What you have to do:
Only the lines holding the word "case" are wanted; copy each of them from the listing.

Data to use:
(* Let $k\in\mathbb N$, $E\subseteq W(A)$ and $\vec s\in V^\infty(A)$ such that $E$ is $k$-large in $\vec s$. Let $r\ge2$ and $E=\bigcup_{i=1}^r E_i$. Then there exist $1\le i\le r$ and $\vec t\in V^\infty(A)$ with $\vec t\le_k\vec s$ such that $E_i$ is $k$-large in $\vec t$.
   Context: $\mathbb N=\{0,1,2,\dots\}$. Fix an increasing sequence $A_0\subseteq A_1\subseteq A_2\subseteq\cdots$ of finite nonempty alphabets and set $A=\bigcup_{n\in\mathbb N}A_n$. $W(A)$ denotes the set of all finite words over $A$, including the empty word; words are concatenated by juxtaposition. Fix a symbol $x\notin A$. A variable word over $A$ is a finite word over $A\cup\{x\}$ in which $x$ occurs at least once; $V(A)$ is the set of variable words. For $s(x)\in V(A)$ and $a\in A\cup\{x\}$, $s(a)$ is obtained by replacing every occurrence of $x$ by $a$. $V^\infty(A)$ is the set of infinite sequences of variable words. For a sequence $(s_n(x))_{n\in I}$ of variable words and a sequence $(B_n)_{n\in I}$ of finite subsets of $A$, both indexed by a set $I\subseteq\mathbb N$ that is either a finite interval or of the form $\{m,m+1,\dots\}$: the constant span $\langle (s_n(x))_{n\in I}\,\|\,(B_n)_{n\in I}\rangle_c$ is the set of all words $s_{l_0}(a_0)s_{l_1}(a_1)\cdots s_{l_j}(a_j)$ with $j\ge0$, $l_0<\dots<l_j$ in $I$ and $a_i\in B_{l_i}$ for each $i$; the variable span $\langle (s_n(x))_{n\in I}\,\|\,(B_n)_{n\in I}\rangle_v$ is the set of all words $s_{l_0}(a_0)\cdots s_{l_j}(a_j)$ with $j\ge0$, $l_0<\dots<l_j$ in $I$, $a_i\in B_{l_i}\cup\{x\}$ for each $i$, and at least one $a_i=x$. (E.g. $(A_{k+n})_{n=p}^{q}$ denotes the sequence $B_n=A_{k+n}$, $p\le n\le q$.) Extracted $k$-subsequences: let $k\in\mathbb N$ and $\vec s=(s_n(x))_{n=0}^\infty\in V^\infty(A)$. A finite sequence $(t_n(x))_{n=0}^l$ of variable words is an extracted $k$-subsequence of $\vec s$ if there exist integers $0=m_0<m_1<\dots<m_{l+1}$ with $t_i(x)\in\langle (s_n(x))_{n=m_i}^{m_{i+1}-1}\,\|\,(A_{k+n})_{n=m_i}^{m_{i+1}-1}\rangle_v$ for all $0\le i\le l$. An infinite sequence $\vec t=(t_n(x))_{n=0}^\infty$ is an extracted $k$-subsequence of $\vec s$ if each initial segment $(t_n(x))_{n=0}^l$ is a finite extracted $k$-subsequence of $\vec s$. We write $\vec t\le_k\vec s$. A set $E\subseteq W(A)$ is $k$-large in $\vec s\in V^\infty(A)$ if $E\cap\langle\vec w\,\|\,(A_{k+n})_{n=0}^\infty\rangle_c\neq\emptyset$ for every $\vec w\in V^\infty(A)$ with $\vec w\le_k\vec s$. *)

theory Defs
  imports Main
begin

text \<open>Letters are elements of type 'a; the alphabets are given by Alph :: nat => 'a set,
  with A = union of all Alph n. Variable words are lists over 'a option, where None plays
  the role of the variable symbol x (so x is automatically not in A).\<close>

definition alph_union :: "(nat \<Rightarrow> 'a set) \<Rightarrow> 'a set" where
  "alph_union Alph = (\<Union>n. Alph n)"

definition words :: "(nat \<Rightarrow> 'a set) \<Rightarrow> 'a list set" where
  "words Alph = {w. set w \<subseteq> alph_union Alph}"

definition var_words :: "(nat \<Rightarrow> 'a set) \<Rightarrow> 'a option list set" where
  "var_words Alph = {s. None \<in> set s \<and> (\<forall>b. Some b \<in> set s \<longrightarrow> b \<in> alph_union Alph)}"

definition var_seqs :: "(nat \<Rightarrow> 'a set) \<Rightarrow> (nat \<Rightarrow> 'a option list) set" where
  "var_seqs Alph = {s. \<forall>n. s n \<in> var_words Alph}"

definition subst :: "'a option list \<Rightarrow> 'a \<Rightarrow> 'a list" where
  "subst s a = map (\<lambda>c. case c of None \<Rightarrow> a | Some b \<Rightarrow> b) s"

definition vsubst :: "'a option list \<Rightarrow> 'a option \<Rightarrow> 'a option list" where
  "vsubst s a = map (\<lambda>c. case c of None \<Rightarrow> a | Some b \<Rightarrow> Some b) s"

definition cspan :: "nat set \<Rightarrow> (nat \<Rightarrow> 'a option list) \<Rightarrow> (nat \<Rightarrow> 'a set) \<Rightarrow> 'a list set" where
  "cspan I s B = {concat (map2 (\<lambda>l a. subst (s l) a) ls as) | ls as.
      ls \<noteq> [] \<and> sorted_wrt (<) ls \<and> set ls \<subseteq> I \<and> length as = length ls \<and>
      (\<forall>i<length ls. as ! i \<in> B (ls ! i))}"

definition vspan :: "nat set \<Rightarrow> (nat \<Rightarrow> 'a option list) \<Rightarrow> (nat \<Rightarrow> 'a set) \<Rightarrow> 'a option list set" where
  "vspan I s B = {concat (map2 (\<lambda>l a. vsubst (s l) a) ls as) | ls as.
      ls \<noteq> [] \<and> sorted_wrt (<) ls \<and> set ls \<subseteq> I \<and> length as = length ls \<and>
      (\<forall>i<length ls. as ! i \<in> Some ` B (ls ! i) \<union> {None}) \<and> None \<in> set as}"

text \<open>t \<le>_k s: t is an extracted k-subsequence of s (every initial segment is a finite
  extracted k-subsequence).\<close>
definition extracted :: "(nat \<Rightarrow> 'a set) \<Rightarrow> nat \<Rightarrow> (nat \<Rightarrow> 'a option list) \<Rightarrow> (nat \<Rightarrow> 'a option list) \<Rightarrow> bool" where
  "extracted Alph k t s \<longleftrightarrow>
     (\<forall>l. \<exists>m :: nat \<Rightarrow> nat. m 0 = 0 \<and> (\<forall>i\<le>l. m i < m (Suc i)) \<and>
        (\<forall>i\<le>l. t i \<in> vspan {m i..<m (Suc i)} s (\<lambda>n. Alph (k + n))))"

definition k_large :: "(nat \<Rightarrow> 'a set) \<Rightarrow> nat \<Rightarrow> 'a list set \<Rightarrow> (nat \<Rightarrow> 'a option list) \<Rightarrow> bool" where
  "k_large Alph k E s \<longleftrightarrow>
     (\<forall>w \<in> var_seqs Alph. extracted Alph k w s \<longrightarrow> E \<inter> cspan UNIV w (\<lambda>n. Alph (k + n)) \<noteq> {})"

end

theory Submission
  imports Defs
begin

text \<open>
  Being an extracted k-subsequence is reflexive and transitive, and the
  constant span of an extracted subsequence w of s is contained in that of s.  Hence, if
  E \<union> F is k-large in s but E is not, some w \<le>_k s has a constant span missing E; every
  extraction of w is an extraction of s with smaller span, so F is k-large in w.
  Induction on the number of colours then gives the theorem.

  The combinatorial core is substitution of spans into spans.  Elements of spans are
  represented by lists of pairs (index, symbol), a symbol being a letter Some a or the
  variable None.  Replacing each pair (n, c) of a representation over w by a
  representation of w n over s, with c plugged into its variable, yields a representation
  over s; indices stay increasing because the blocks of an extraction are consecutive,
  and letters stay admissible because the alphabets increase.
\<close>

section \<open>Index/symbol representations of span elements\<close>

definition plug :: "'a option \<Rightarrow> 'a option \<Rightarrow> 'a option" where
  "plug b c = (case c of None \<Rightarrow> b | Some d \<Rightarrow> Some d)"

definition span_eval :: "(nat \<Rightarrow> 'a option list) \<Rightarrow> (nat \<times> 'a option) list \<Rightarrow> 'a option list" where
  "span_eval s ps = concat (map (\<lambda>(l, c). vsubst (s l) c) ps)"

definition admissible :: "(nat \<Rightarrow> 'a set) \<Rightarrow> nat set \<Rightarrow> (nat \<times> 'a option) list \<Rightarrow> bool" where
  "admissible B I ps \<longleftrightarrow> sorted_wrt (<) (map fst ps) \<and> fst ` set ps \<subseteq> I \<and>
     (\<forall>(l, c)\<in>set ps. c \<in> Some ` B l \<union> {None})"

definition compose ::
  "(nat \<Rightarrow> (nat \<times> 'a option) list) \<Rightarrow> (nat \<times> 'a option) list \<Rightarrow> (nat \<times> 'a option) list" where
  "compose qs ps = concat (map (\<lambda>(n, c). map (\<lambda>(p, c'). (p, plug c c')) (qs n)) ps)"

lemma vsubst_eq_map_plug: "vsubst x c = map (plug c) x"
  unfolding vsubst_def plug_def by simp

lemma vsubst_None: "vsubst x None = x"
  unfolding vsubst_def by (induct x) (auto split: option.splits)

lemma plug_plug: "plug c (plug c' x) = plug (plug c c') x"
  by (simp add: plug_def split: option.splits)

lemma subst_vsubst: "subst x a = map the (vsubst x (Some a))"
  unfolding subst_def vsubst_def by (induct x) (auto split: option.splits)

lemma vsubst_span_eval:
  "vsubst (span_eval s qs) c = span_eval s (map (\<lambda>(p, c'). (p, plug c c')) qs)"
  by (induct qs) (auto simp: span_eval_def vsubst_eq_map_plug plug_plug)

lemma span_eval_compose:
  assumes "\<forall>(n, c)\<in>set ps. w n = span_eval s (qs n)"
  shows "span_eval w ps = span_eval s (compose qs ps)"
  using assms
  by (induct ps) (auto simp: span_eval_def compose_def vsubst_span_eval[unfolded span_eval_def])

lemma set_compose:
  "(p, b) \<in> set (compose qs ps) \<longleftrightarrow>
     (\<exists>n c c'. (n, c) \<in> set ps \<and> (p, c') \<in> set (qs n) \<and> b = plug c c')"
  unfolding compose_def by force

lemma admissible_mem:
  assumes "admissible B I ps" "(l, c) \<in> set ps"
  shows "l \<in> I" "c \<in> Some ` B l \<union> {None}"
  using assms unfolding admissible_def by fastforce+

lemma admissible_nth:
  assumes "admissible B I ps" "i < length ps"
  shows "snd (ps ! i) \<in> Some ` B (fst (ps ! i)) \<union> {None}"
proof -
  have "(fst (ps ! i), snd (ps ! i)) \<in> set ps" using assms(2) by simp
  then show ?thesis using assms(1) unfolding admissible_def by blast
qed

lemma admissible_within:
  assumes "admissible B I ps" "fst ` set ps \<subseteq> J"
  shows "admissible B J ps"
  using assms by (simp add: admissible_def)

lemma zip_pred: "length as = length ls \<Longrightarrow>
   (\<forall>i<length ls. P (ls ! i) (as ! i)) \<longleftrightarrow> (\<forall>(l, c)\<in>set (zip ls as). P l c)"
  by (auto simp: set_zip)

lemma vspan_iff:
  "x \<in> vspan I s B \<longleftrightarrow> (\<exists>ps. x = span_eval s ps \<and> admissible B I ps \<and> None \<in> snd ` set ps)"
proof
  assume "x \<in> vspan I s B"
  then obtain ls as where x: "x = concat (map2 (\<lambda>l a. vsubst (s l) a) ls as)"
    and h: "sorted_wrt (<) ls" "set ls \<subseteq> I" "length as = length ls"
      "\<forall>i<length ls. as ! i \<in> Some ` B (ls ! i) \<union> {None}" "None \<in> set as"
    unfolding vspan_def by blast
  show "\<exists>ps. x = span_eval s ps \<and> admissible B I ps \<and> None \<in> snd ` set ps"
  proof (intro exI conjI)
    show "x = span_eval s (zip ls as)" by (simp add: x span_eval_def)
    show "admissible B I (zip ls as)"
      using h(1-4) zip_pred[OF h(3), of "\<lambda>l c. c \<in> Some ` B l \<union> {None}"]
      by (simp add: admissible_def flip: set_map)
    show "None \<in> snd ` set (zip ls as)" using h(3,5) by (simp flip: set_map)
  qed
next
  assume "\<exists>ps. x = span_eval s ps \<and> admissible B I ps \<and> None \<in> snd ` set ps"
  then obtain ps where x: "x = span_eval s ps" and ps: "admissible B I ps" and var: "None \<in> snd ` set ps"
    by blast
  have "x = concat (map2 (\<lambda>l a. vsubst (s l) a) (map fst ps) (map snd ps))"
    by (simp add: x span_eval_def zip_map_fst_snd)
  moreover have "\<forall>i<length (map fst ps). map snd ps ! i \<in> Some ` B (map fst ps ! i) \<union> {None}"
    using admissible_nth[OF ps] by simp
  moreover have "map fst ps \<noteq> []" "None \<in> set (map snd ps)" using var by auto
  moreover have "sorted_wrt (<) (map fst ps)" "set (map fst ps) \<subseteq> I"
    using ps by (simp_all add: admissible_def)
  moreover have "length (map snd ps) = length (map fst ps)" by simp
  ultimately show "x \<in> vspan I s B" unfolding vspan_def by blast
qed

lemma map_the_span_eval:
  "None \<notin> snd ` set ps \<Longrightarrow>
     map the (span_eval s ps) = concat (map (\<lambda>(l, c). subst (s l) (the c)) ps)"
  by (induct ps) (auto simp: span_eval_def subst_vsubst)

lemma cspan_iff:
  "x \<in> cspan I s B \<longleftrightarrow>
     (\<exists>ps. x = map the (span_eval s ps) \<and> admissible B I ps \<and> ps \<noteq> [] \<and> None \<notin> snd ` set ps)"
proof
  assume "x \<in> cspan I s B"
  then obtain ls as where x: "x = concat (map2 (\<lambda>l a. subst (s l) a) ls as)"
    and h: "ls \<noteq> []" "sorted_wrt (<) ls" "set ls \<subseteq> I" "length as = length ls"
      "\<forall>i<length ls. as ! i \<in> B (ls ! i)"
    unfolding cspan_def by blast
  have const: "None \<notin> snd ` set (zip ls (map Some as))"
    by (auto simp: set_zip)
  show "\<exists>ps. x = map the (span_eval s ps) \<and> admissible B I ps \<and> ps \<noteq> [] \<and> None \<notin> snd ` set ps"
  proof (intro exI conjI)
    show "x = map the (span_eval s (zip ls (map Some as)))"
      using const by (simp add: x map_the_span_eval zip_map2 comp_def split_def del: map2_map_map)
    show "admissible B I (zip ls (map Some as))"
      using h(2-5) zip_pred[of "map Some as" ls "\<lambda>l c. c \<in> Some ` B l \<union> {None}"]
      by (simp add: admissible_def flip: set_map)
    show "zip ls (map Some as) \<noteq> []"
      using h(1,4) by (metis length_0_conv length_map length_zip min.idem)
  qed (rule const)
next
  assume "\<exists>ps. x = map the (span_eval s ps) \<and> admissible B I ps \<and> ps \<noteq> [] \<and> None \<notin> snd ` set ps"
  then obtain ps where x: "x = map the (span_eval s ps)" and ps: "admissible B I ps" and "ps \<noteq> []"
    and const: "None \<notin> snd ` set ps"
    by blast
  have "x = concat (map2 (\<lambda>l a. subst (s l) a) (map fst ps) (map (the \<circ> snd) ps))"
    using const by (simp add: x map_the_span_eval, induct ps, auto)
  moreover have "\<forall>i<length (map fst ps). map (the \<circ> snd) ps ! i \<in> B (map fst ps ! i)"
  proof (intro allI impI)
    fix i assume "i < length (map fst ps)"
    then have "snd (ps ! i) \<in> Some ` B (fst (ps ! i)) \<union> {None}" "snd (ps ! i) \<in> snd ` set ps"
      using admissible_nth[OF ps] by simp_all
    moreover have "snd (ps ! i) \<noteq> None" using const calculation(2) by force
    ultimately show "map (the \<circ> snd) ps ! i \<in> B (map fst ps ! i)"
      using \<open>i < length (map fst ps)\<close> by auto
  qed
  moreover have "map fst ps \<noteq> []" using \<open>ps \<noteq> []\<close> by simp
  moreover have "sorted_wrt (<) (map fst ps)" "set (map fst ps) \<subseteq> I"
    using ps by (simp_all add: admissible_def)
  moreover have "length (map (the \<circ> snd) ps) = length (map fst ps)" by simp
  ultimately show "x \<in> cspan I s B" unfolding cspan_def by blast
qed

Result below:
  "subst s a = map (\<lambda>c. case c of None \<Rightarrow> a | Some b \<Rightarrow> b) s"
  "vsubst s a = map (\<lambda>c. case c of None \<Rightarrow> a | Some b \<Rightarrow> Some b) s"
  "plug b c = (case c of None \<Rightarrow> b | Some d \<Rightarrow> Some d)"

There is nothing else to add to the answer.